Ein in der Vorwoche im Dresdner Ortsteil Langebrück aufgetauchter Wolfswelpe hat sich nach Ansicht von Experten bei seiner Begegnung mit einem Einwohner nicht aggressiv verhalten. "Die Schilderungen des Vorfalls deuten darauf hin, dass der vier bis fünf Monate alte Welpe mit einem Abwehrverhalten reagiert hat", teilte die Fachstelle Wolf im Landesamt für Umwelt, Geologie und Landwirtschaft am Donnerstag in Dresden mit. Zuvor war der Ortsvorsteher von Langebrück davon ausgegangen, der junge Wolf habe einen Menschen angreifen wollen.

Welpe blieb bei Flucht vor Radfahrer im Zaun stecken

"Der Welpe war vorher mehrfach in Zäunen eingeklemmt gewesen. Durch den Versuch des Anwohners, ihn unter Zuhilfenahme eines Besens in Richtung Wald zu leiten, hat er sich bedrängt gefühlt und reagierte mit Abwehrverhalten", betonte Behördensprecherin Karin Bernhardt.

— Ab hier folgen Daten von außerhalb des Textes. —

lemma alt_step_alt_pencil:
  assumes "j < 2"
  shows "alt_step \<gamma> (alt_pencil \<gamma> f h j)
    = alt_pencil \<gamma> (\<lambda>x y. - h x y) (\<lambda>x y. f x y + trace_shift \<gamma> h x y) j"
proof (intro ext)
  fix x y and k :: nat
  have trace_in_coin:
    "(\<lambda>x y k. trace_shift \<gamma> (\<lambda>x y. in_coin j h x y k) x y) = in_coin j (trace_shift \<gamma> h)"
    by (intro ext) (simp add: in_coin_def trace_shift_def)
  have "alt_step \<gamma> (alt_pencil \<gamma> f h j) x y k
      = alt_step \<gamma> (in_coin j f) x y k + alt_step \<gamma> (alt_step \<gamma> (in_coin j h)) x y k"
    using alt_step_linear[of \<gamma> 1 _ 1] by (simp add: alt_pencil_def)
  also have "\<dots> = alt_step \<gamma> (in_coin j f) x y k + alt_step \<gamma> (in_coin j (trace_shift \<gamma> h)) x y k
      - in_coin j h x y k"
  proof (cases "k < 2")
    case True
    then show ?thesis by (simp add: alt_step_cayley_hamilton trace_in_coin)
  next
    case False
    with assms show ?thesis by (simp add: alt_step_coins in_coin_def)
  qed
  also have "\<dots> = alt_pencil \<gamma> (\<lambda>x y. - h x y) (\<lambda>x y. f x y + trace_shift \<gamma> h x y) j x y k"
  proof -
    have "in_coin j (\<lambda>x y. f x y + trace_shift \<gamma> h x y)
        = (\<lambda>x y k. in_coin j f x y k + in_coin j (trace_shift \<gamma> h) x y k)"
      and "in_coin j (\<lambda>x y. - h x y) x y k = - in_coin j h x y k"
      by (auto simp: in_coin_def fun_eq_iff)
    then show ?thesis
      using alt_step_linear[of \<gamma> 1 _ 1] by (simp add: alt_pencil_def)
  qed
  finally show "alt_step \<gamma> (alt_pencil \<gamma> f h j) x y k
    = alt_pencil \<gamma> (\<lambda>x y. - h x y) (\<lambda>x y. f x y + trace_shift \<gamma> h x y) j x y k" .
qed

definition alt_pencil_pair :: "real \<Rightarrow> wavefn \<Rightarrow> wavefn \<Rightarrow> bool" where
  "alt_pencil_pair \<gamma> u v \<longleftrightarrow> (\<exists>f h. (\<forall>x y. f x y \<in> \<real> \<and> h x y \<in> \<real>)
     \<and> u = alt_pencil \<gamma> f h 0 \<and> v = alt_pencil \<gamma> f h (Suc 0))"

lemma alt_pencil_pair_alt_step:
  assumes "alt_pencil_pair \<gamma> u v"
  shows "alt_pencil_pair \<gamma> (alt_step \<gamma> u) (alt_step \<gamma> v)"
proof -
  obtain f h where real: "\<forall>x y. f x y \<in> \<real> \<and> h x y \<in> \<real>"
    and uv: "u = alt_pencil \<gamma> f h 0" "v = alt_pencil \<gamma> f h (Suc 0)"
    using assms unfolding alt_pencil_pair_def by blast
  have "\<forall>x y. - h x y \<in> \<real> \<and> f x y + trace_shift \<gamma> h x y \<in> \<real>"
    using real by (simp add: trace_shift_def)
  then show ?thesis
    unfolding alt_pencil_pair_def uv
    by (intro exI[of _ "\<lambda>x y. - h x y"] exI[of _ "\<lambda>x y. f x y + trace_shift \<gamma> h x y"])
      (simp add: alt_step_alt_pencil)
qed

lemma alt_pencil_pair_alt_walk:
  "alt_pencil_pair \<gamma> u v \<Longrightarrow> alt_pencil_pair \<gamma> (alt_walk \<gamma> u t) (alt_walk \<gamma> v t)"
  by (induction t) (simp_all add: alt_walk_def alt_pencil_pair_alt_step)

definition origin_basis :: "nat \<Rightarrow> wavefn" where
  "origin_basis j = at_origin (\<lambda>k. if k = j then 1 else 0)"

lemma alt_pencil_pair_at_origin:
  "alt_pencil_pair \<gamma> (origin_basis 0) (origin_basis (Suc 0))"
proof -
  have "in_coin j (\<lambda>x y. 0) = (\<lambda>x y k. 0)" for j
    by (simp add: fun_eq_iff in_coin_def)
  then have "alt_step \<gamma> (in_coin j (\<lambda>x y. 0)) x y k = 0" for j x y k
    using alt_step_linear[of \<gamma> 0 _ 0] by simp
  then have "origin_basis j
      = alt_pencil \<gamma> (\<lambda>x y. if x = 0 \<and> y = 0 then 1 else 0) (\<lambda>x y. 0) j" for j
    by (simp add: fun_eq_iff origin_basis_def at_origin_def alt_pencil_def in_coin_def)
  then show ?thesis
    unfolding alt_pencil_pair_def
    by (intro exI[of _ "\<lambda>x y. if x = 0 \<and> y = 0 then 1 else 0"] exI[of _ "\<lambda>x y. 0"]) simp
qed

lemma alt_pencil_pair_real:
  assumes "alt_pencil_pair \<gamma> u v"
  shows "u x y k \<in> \<real>" "v x y k \<in> \<real>"
proof -
  obtain f h where real: "\<forall>x y. f x y \<in> \<real> \<and> h x y \<in> \<real>"
    and uv: "u = alt_pencil \<gamma> f h 0" "v = alt_pencil \<gamma> f h (Suc 0)"
    using assms unfolding alt_pencil_pair_def by blast
  have "in_coin j g x y k \<in> \<real>" if "\<forall>x y. g x y \<in> \<real>" for j g x y k
    using that by (simp add: in_coin_def)
  with real show "u x y k \<in> \<real>" "v x y k \<in> \<real>"
    unfolding uv alt_pencil_def by (simp_all add: alt_step_real)
qed

(* At every site, the amplitude pairs (u_k, v_k) of the walks started from |0> and |1> are
   reflected by U; k = 0 fills Grover coins 0 and 2 and k = 1 fills coins 1 and 3.  The sign sigma
   of c s absorbs the absolute values in the Grover coin. *)
definition grover_embedding :: "real \<Rightarrow> real \<Rightarrow> wavefn \<Rightarrow> wavefn \<Rightarrow> wavefn" where
  "grover_embedding \<gamma> \<sigma> u v x y i =
    (if i = 0 then - (of_real (cos \<gamma>) * u x y 0 + of_real (sin \<gamma>) * v x y 0)
     else if i = 1 then of_real \<sigma> * (of_real (cos \<gamma>) * u x y 1 + of_real (sin \<gamma>) * v x y 1)
     else if i = 2 then of_real \<sigma> * (of_real (sin \<gamma>) * u x y 0 - of_real (cos \<gamma>) * v x y 0)
     else if i = 3 then of_real (sin \<gamma>) * u x y 1 - of_real (cos \<gamma>) * v x y 1
     else 0)"

lemma grover_step_grover_embedding:
  assumes sign: "\<bar>cos \<gamma> * sin \<gamma>\<bar> = \<sigma> * (cos \<gamma> * sin \<gamma>)" and "\<sigma> * \<sigma> = 1"
    and "alt_pencil_pair \<gamma> u v"
  shows "grover_step \<gamma> (grover_embedding \<gamma> \<sigma> u v) x y i
    = - grover_embedding \<gamma> \<sigma> (alt_step \<gamma> u) (alt_step \<gamma> v) x y i"
proof -
  obtain f h where uv: "u = alt_pencil \<gamma> f h 0" "v = alt_pencil \<gamma> f h (Suc 0)"
    using assms(3) unfolding alt_pencil_pair_def by blast
  have step_uv:
    "alt_step \<gamma> u = alt_pencil \<gamma> (\<lambda>x y. - h x y) (\<lambda>x y. f x y + trace_shift \<gamma> h x y) 0"
    "alt_step \<gamma> v = alt_pencil \<gamma> (\<lambda>x y. - h x y) (\<lambda>x y. f x y + trace_shift \<gamma> h x y) (Suc 0)"
    by (simp_all add: uv alt_step_alt_pencil)
  note pyth = of_real_cos_sin_squared_add[of \<gamma>, where 'a = complex]
  have sign_squared: "(of_real \<sigma> :: complex) * of_real \<sigma> = 1"
    by (metis \<open>\<sigma> * \<sigma> = 1\<close> of_real_1 of_real_mult)
  note expand = grover_step_coins sign grover_embedding_def alt_pencil_def alt_step_coins
    in_coin_def trace_shift_def
  consider "i = 0" | "i = Suc 0" | "i = 2" | "i = 3" | "4 \<le> i" by linarith
  then show ?thesis
  proof cases
    case 1
    show ?thesis
      unfolding step_uv uv by (simp add: 1 expand) (use pyth sign_squared in algebra)
  next
    case 2
    show ?thesis
      unfolding step_uv uv by (simp add: 2 expand) (simp add: algebra_simps power2_eq_square)
  next
    case 3
    show ?thesis
      unfolding step_uv uv by (simp add: 3 expand) (simp add: algebra_simps power2_eq_square)
  next
    case 4
    show ?thesis
      unfolding step_uv uv by (simp add: 4 expand) (use sign_squared in algebra)
  qed (simp add: grover_step_coins grover_embedding_def)
qed

lemma grover_step_cong:
  assumes "\<forall>x y i. i < 4 \<longrightarrow> \<phi> x y i = \<psi> x y i"
  shows "grover_step \<gamma> \<phi> x y i = grover_step \<gamma> \<psi> x y i"
  using assms by (simp add: grover_step_def)

lemma grover_step_scale:
  "grover_step \<gamma> (\<lambda>x y i. z * \<psi> x y i) x y i = z * grover_step \<gamma> \<psi> x y i"
  by (simp add: grover_step_def sum_distrib_left algebra_simps)

lemma grover_walk_grover_embedding:
  assumes sign: "\<bar>cos \<gamma> * sin \<gamma>\<bar> = \<sigma> * (cos \<gamma> * sin \<gamma>)" and sign_squared: "\<sigma> * \<sigma> = 1"
    and pair: "alt_pencil_pair \<gamma> u v"
    and init: "\<forall>x y i. i < 4 \<longrightarrow> \<psi> x y i = z * grover_embedding \<gamma> \<sigma> u v x y i"
  shows "i < 4 \<Longrightarrow> grover_walk \<gamma> \<psi> t x y i
    = z * (-1)^t * grover_embedding \<gamma> \<sigma> (alt_walk \<gamma> u t) (alt_walk \<gamma> v t) x y i"
proof (induction t arbitrary: x y i)
  case 0
  then show ?case using init by (simp add: grover_walk_def alt_walk_def)
next
  case (Suc t)
  let ?E = "\<lambda>t. grover_embedding \<gamma> \<sigma> (alt_walk \<gamma> u t) (alt_walk \<gamma> v t)"
  have "grover_walk \<gamma> \<psi> (Suc t) x y i = grover_step \<gamma> (grover_walk \<gamma> \<psi> t) x y i"
    by (simp add: grover_walk_def)
  also have "\<dots> = grover_step \<gamma> (\<lambda>x y i. z * (-1)^t * ?E t x y i) x y i"
    using Suc.IH by (intro grover_step_cong) simp
  also have "\<dots> = z * (-1)^t * grover_step \<gamma> (?E t) x y i"
    by (rule grover_step_scale)
  also have "\<dots> = z * (-1)^Suc t * ?E (Suc t) x y i"
    using grover_step_grover_embedding[OF sign sign_squared alt_pencil_pair_alt_walk[OF pair]]
    by (simp add: alt_walk_def)
  finally show ?case .
qed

Erfahrungen - auch bei Wildfängen von erwachsenen Wölfen - zeigten, dass sich das Abwehrverhalten nicht gegen Menschen, sondern gegen den eingesetzten Gegenstand richtet. In diesem Fall gegen den Besen. Bei der ersten Begegnung mit dem Welpen sei kein aggressives Verhalten des Welpen gegenüber Menschen berichtet worden.

Der Wolfswelpe war zunächst in einem Zaun stecken geblieben, als er vor einem Radfahrer flüchten wollte. Ein Tierarzt befreite ihn aus seiner Lage. Zunächst blieb unklar, ob das Tier den Weg in das etwa 200 Meter entfernte Waldstück Dresdner Heide wiederfand.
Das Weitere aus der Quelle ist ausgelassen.